* _PROBLEM DESCRIPTION_
Go over the material below and report every line that contains the word "rows".

+ + + + +

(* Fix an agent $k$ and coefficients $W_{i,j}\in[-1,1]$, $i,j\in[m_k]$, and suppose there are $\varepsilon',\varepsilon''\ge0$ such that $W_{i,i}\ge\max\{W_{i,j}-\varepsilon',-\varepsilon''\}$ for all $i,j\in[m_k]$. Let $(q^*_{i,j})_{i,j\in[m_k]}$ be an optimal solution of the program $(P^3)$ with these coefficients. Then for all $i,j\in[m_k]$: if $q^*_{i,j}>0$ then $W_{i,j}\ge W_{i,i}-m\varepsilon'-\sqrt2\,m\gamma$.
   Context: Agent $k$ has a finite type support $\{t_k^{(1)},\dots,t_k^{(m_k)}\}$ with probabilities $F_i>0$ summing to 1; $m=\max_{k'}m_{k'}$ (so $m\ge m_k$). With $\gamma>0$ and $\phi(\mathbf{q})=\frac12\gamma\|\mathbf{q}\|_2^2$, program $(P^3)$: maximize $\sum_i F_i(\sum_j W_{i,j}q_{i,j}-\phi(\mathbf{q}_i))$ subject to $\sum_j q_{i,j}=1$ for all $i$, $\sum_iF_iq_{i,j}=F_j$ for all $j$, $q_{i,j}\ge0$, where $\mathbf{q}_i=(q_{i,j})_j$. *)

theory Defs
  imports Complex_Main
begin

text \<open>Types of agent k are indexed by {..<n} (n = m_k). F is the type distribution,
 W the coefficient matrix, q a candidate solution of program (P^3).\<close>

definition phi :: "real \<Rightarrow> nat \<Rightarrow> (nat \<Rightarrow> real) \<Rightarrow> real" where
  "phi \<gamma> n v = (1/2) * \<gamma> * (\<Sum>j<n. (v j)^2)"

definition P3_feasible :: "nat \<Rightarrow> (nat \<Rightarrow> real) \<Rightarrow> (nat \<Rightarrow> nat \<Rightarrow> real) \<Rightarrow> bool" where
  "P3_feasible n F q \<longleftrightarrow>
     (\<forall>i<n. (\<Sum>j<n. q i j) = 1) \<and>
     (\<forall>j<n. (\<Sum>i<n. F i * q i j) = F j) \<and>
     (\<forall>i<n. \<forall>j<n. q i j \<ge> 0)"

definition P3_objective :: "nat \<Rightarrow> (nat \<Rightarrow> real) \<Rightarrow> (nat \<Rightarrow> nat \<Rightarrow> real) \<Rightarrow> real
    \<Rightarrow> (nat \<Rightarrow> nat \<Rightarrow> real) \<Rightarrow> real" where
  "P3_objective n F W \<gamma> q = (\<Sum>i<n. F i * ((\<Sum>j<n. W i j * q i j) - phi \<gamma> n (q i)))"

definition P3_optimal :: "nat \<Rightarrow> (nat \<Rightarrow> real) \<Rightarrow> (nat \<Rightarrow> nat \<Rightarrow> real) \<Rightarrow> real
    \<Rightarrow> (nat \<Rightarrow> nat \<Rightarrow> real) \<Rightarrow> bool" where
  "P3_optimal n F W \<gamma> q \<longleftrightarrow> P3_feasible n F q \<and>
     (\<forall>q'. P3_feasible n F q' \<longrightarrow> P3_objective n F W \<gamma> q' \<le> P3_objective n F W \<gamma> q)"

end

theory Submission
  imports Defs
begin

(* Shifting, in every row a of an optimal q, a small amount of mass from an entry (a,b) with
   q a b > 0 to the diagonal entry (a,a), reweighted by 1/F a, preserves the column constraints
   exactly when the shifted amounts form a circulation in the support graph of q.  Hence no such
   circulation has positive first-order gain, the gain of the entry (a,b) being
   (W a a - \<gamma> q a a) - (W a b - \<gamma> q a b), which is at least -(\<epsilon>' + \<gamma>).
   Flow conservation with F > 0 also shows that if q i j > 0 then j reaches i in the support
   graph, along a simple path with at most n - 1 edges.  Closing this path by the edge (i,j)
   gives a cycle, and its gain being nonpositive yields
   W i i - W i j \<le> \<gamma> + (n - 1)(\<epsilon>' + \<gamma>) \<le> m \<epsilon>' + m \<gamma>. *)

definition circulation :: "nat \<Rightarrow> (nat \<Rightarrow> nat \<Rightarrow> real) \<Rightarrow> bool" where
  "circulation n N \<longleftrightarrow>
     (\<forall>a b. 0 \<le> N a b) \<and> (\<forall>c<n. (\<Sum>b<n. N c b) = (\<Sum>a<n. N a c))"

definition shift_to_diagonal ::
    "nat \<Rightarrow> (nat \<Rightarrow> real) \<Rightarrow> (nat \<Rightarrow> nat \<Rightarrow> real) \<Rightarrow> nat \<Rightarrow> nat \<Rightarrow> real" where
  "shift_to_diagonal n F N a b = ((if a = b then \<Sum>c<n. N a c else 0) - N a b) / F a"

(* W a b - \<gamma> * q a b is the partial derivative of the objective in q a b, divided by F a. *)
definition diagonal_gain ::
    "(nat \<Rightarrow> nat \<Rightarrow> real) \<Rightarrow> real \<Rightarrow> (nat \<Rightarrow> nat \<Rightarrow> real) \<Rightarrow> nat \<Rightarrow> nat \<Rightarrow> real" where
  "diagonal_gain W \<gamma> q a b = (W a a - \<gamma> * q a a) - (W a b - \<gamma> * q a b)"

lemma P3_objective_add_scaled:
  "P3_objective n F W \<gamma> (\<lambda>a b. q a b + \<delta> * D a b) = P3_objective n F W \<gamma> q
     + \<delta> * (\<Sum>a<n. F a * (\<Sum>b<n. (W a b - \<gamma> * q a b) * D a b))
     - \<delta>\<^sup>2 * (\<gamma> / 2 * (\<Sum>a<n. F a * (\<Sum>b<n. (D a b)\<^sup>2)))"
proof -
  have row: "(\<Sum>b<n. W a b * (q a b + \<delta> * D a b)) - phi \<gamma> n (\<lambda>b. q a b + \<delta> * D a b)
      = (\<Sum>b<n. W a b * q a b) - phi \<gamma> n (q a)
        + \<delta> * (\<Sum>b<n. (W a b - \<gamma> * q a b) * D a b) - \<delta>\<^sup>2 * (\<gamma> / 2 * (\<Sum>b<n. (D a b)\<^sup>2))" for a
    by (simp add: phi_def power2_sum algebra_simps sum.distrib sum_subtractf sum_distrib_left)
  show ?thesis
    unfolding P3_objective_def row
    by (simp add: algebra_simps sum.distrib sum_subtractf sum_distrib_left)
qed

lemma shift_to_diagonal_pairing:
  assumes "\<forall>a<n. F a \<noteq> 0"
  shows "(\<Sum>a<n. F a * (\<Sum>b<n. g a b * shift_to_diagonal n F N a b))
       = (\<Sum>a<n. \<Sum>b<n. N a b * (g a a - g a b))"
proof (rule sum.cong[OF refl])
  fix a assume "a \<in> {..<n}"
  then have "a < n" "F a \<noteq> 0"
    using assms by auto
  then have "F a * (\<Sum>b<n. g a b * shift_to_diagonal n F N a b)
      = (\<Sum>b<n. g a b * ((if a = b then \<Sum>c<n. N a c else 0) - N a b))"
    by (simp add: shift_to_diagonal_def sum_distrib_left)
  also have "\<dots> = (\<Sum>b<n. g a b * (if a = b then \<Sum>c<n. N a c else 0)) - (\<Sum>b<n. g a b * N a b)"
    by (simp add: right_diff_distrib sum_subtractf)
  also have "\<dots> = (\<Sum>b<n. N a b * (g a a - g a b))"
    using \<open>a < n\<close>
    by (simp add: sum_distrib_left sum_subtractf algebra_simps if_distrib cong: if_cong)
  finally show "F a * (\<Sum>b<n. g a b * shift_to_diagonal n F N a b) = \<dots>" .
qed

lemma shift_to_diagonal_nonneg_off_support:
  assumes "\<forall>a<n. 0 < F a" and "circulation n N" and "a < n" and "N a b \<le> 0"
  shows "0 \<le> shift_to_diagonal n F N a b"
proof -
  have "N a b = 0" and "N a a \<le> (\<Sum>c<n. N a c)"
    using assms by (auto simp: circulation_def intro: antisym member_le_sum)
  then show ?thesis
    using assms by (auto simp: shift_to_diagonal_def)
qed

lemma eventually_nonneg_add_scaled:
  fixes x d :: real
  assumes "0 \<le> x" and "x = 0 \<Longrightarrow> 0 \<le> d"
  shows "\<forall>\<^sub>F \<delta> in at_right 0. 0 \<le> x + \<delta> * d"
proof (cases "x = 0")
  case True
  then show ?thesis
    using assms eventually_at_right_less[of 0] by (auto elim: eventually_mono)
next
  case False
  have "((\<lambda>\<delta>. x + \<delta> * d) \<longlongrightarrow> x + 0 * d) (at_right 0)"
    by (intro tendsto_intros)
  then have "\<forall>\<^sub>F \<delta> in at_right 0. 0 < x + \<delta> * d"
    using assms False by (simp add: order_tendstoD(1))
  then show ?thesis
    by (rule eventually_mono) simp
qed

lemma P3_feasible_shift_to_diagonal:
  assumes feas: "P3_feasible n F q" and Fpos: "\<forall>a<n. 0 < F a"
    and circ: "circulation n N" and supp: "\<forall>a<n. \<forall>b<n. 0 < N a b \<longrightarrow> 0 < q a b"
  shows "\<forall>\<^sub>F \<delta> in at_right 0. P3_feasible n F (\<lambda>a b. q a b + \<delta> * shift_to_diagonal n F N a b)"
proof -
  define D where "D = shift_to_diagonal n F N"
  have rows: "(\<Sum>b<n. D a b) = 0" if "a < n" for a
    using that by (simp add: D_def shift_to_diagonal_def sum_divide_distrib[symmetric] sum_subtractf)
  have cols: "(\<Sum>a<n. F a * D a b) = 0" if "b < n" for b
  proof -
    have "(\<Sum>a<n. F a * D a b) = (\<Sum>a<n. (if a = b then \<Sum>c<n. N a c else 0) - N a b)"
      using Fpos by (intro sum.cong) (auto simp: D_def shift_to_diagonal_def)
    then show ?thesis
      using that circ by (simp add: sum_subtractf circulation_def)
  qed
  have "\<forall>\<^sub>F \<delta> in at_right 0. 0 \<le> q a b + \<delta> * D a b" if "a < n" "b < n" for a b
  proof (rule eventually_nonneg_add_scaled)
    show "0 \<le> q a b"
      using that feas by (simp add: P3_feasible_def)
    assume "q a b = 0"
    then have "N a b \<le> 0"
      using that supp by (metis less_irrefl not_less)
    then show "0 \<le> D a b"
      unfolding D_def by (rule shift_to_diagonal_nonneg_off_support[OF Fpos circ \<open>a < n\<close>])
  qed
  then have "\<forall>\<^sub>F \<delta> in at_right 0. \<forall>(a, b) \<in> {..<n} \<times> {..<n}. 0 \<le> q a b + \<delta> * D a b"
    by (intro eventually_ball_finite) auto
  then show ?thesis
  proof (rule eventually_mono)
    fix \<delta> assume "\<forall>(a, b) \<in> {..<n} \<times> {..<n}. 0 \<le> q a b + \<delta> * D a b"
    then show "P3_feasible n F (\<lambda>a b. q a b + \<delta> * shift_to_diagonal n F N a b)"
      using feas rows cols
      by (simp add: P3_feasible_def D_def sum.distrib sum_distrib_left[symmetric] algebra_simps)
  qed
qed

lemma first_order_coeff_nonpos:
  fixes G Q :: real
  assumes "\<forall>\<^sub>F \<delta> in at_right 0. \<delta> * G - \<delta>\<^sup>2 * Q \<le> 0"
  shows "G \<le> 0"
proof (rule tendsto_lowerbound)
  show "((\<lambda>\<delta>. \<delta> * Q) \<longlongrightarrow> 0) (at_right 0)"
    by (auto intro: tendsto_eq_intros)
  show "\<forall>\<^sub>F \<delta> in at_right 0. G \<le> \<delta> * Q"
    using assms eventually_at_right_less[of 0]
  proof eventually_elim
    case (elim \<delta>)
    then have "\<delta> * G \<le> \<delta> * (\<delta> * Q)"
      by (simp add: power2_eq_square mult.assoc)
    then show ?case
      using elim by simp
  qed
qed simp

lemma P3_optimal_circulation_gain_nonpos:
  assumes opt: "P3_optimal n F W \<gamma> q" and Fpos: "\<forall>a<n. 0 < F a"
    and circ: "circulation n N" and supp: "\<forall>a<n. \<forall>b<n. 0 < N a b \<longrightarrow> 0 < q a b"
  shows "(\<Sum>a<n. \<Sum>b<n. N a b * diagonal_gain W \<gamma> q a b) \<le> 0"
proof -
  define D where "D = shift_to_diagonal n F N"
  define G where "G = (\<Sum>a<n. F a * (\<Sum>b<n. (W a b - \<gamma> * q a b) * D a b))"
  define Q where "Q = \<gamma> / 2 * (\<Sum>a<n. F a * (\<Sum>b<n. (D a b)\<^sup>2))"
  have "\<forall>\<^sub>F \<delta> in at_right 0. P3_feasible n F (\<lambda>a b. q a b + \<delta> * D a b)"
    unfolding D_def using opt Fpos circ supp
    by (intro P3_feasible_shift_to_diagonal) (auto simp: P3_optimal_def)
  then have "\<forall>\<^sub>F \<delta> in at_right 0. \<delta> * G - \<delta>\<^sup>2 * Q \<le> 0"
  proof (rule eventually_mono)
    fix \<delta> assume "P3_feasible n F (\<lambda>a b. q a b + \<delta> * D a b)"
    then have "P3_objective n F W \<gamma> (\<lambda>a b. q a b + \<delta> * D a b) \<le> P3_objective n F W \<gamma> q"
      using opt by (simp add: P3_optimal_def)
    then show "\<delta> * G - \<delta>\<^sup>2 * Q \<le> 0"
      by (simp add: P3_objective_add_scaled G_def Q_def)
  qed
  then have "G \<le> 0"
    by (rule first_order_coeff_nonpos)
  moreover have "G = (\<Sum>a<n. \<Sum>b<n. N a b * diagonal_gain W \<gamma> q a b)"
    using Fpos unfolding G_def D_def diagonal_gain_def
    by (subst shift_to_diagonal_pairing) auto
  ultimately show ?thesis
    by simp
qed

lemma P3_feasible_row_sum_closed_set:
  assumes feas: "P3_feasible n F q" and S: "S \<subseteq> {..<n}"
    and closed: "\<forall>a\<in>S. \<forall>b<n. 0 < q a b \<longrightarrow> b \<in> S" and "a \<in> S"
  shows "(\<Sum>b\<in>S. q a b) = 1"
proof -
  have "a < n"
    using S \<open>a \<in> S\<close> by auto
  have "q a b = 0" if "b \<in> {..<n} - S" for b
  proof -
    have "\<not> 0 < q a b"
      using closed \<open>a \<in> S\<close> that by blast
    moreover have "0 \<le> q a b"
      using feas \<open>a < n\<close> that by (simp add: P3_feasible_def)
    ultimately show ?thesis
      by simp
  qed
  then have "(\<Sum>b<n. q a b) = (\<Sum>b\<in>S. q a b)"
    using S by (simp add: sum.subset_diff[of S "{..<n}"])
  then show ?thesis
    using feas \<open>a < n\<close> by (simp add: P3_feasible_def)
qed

+ + + + +

* _ANSWER FOR THIS EXERCISE_
  have rows: "(\<Sum>b<n. D a b) = 0" if "a < n" for a
      using feas rows cols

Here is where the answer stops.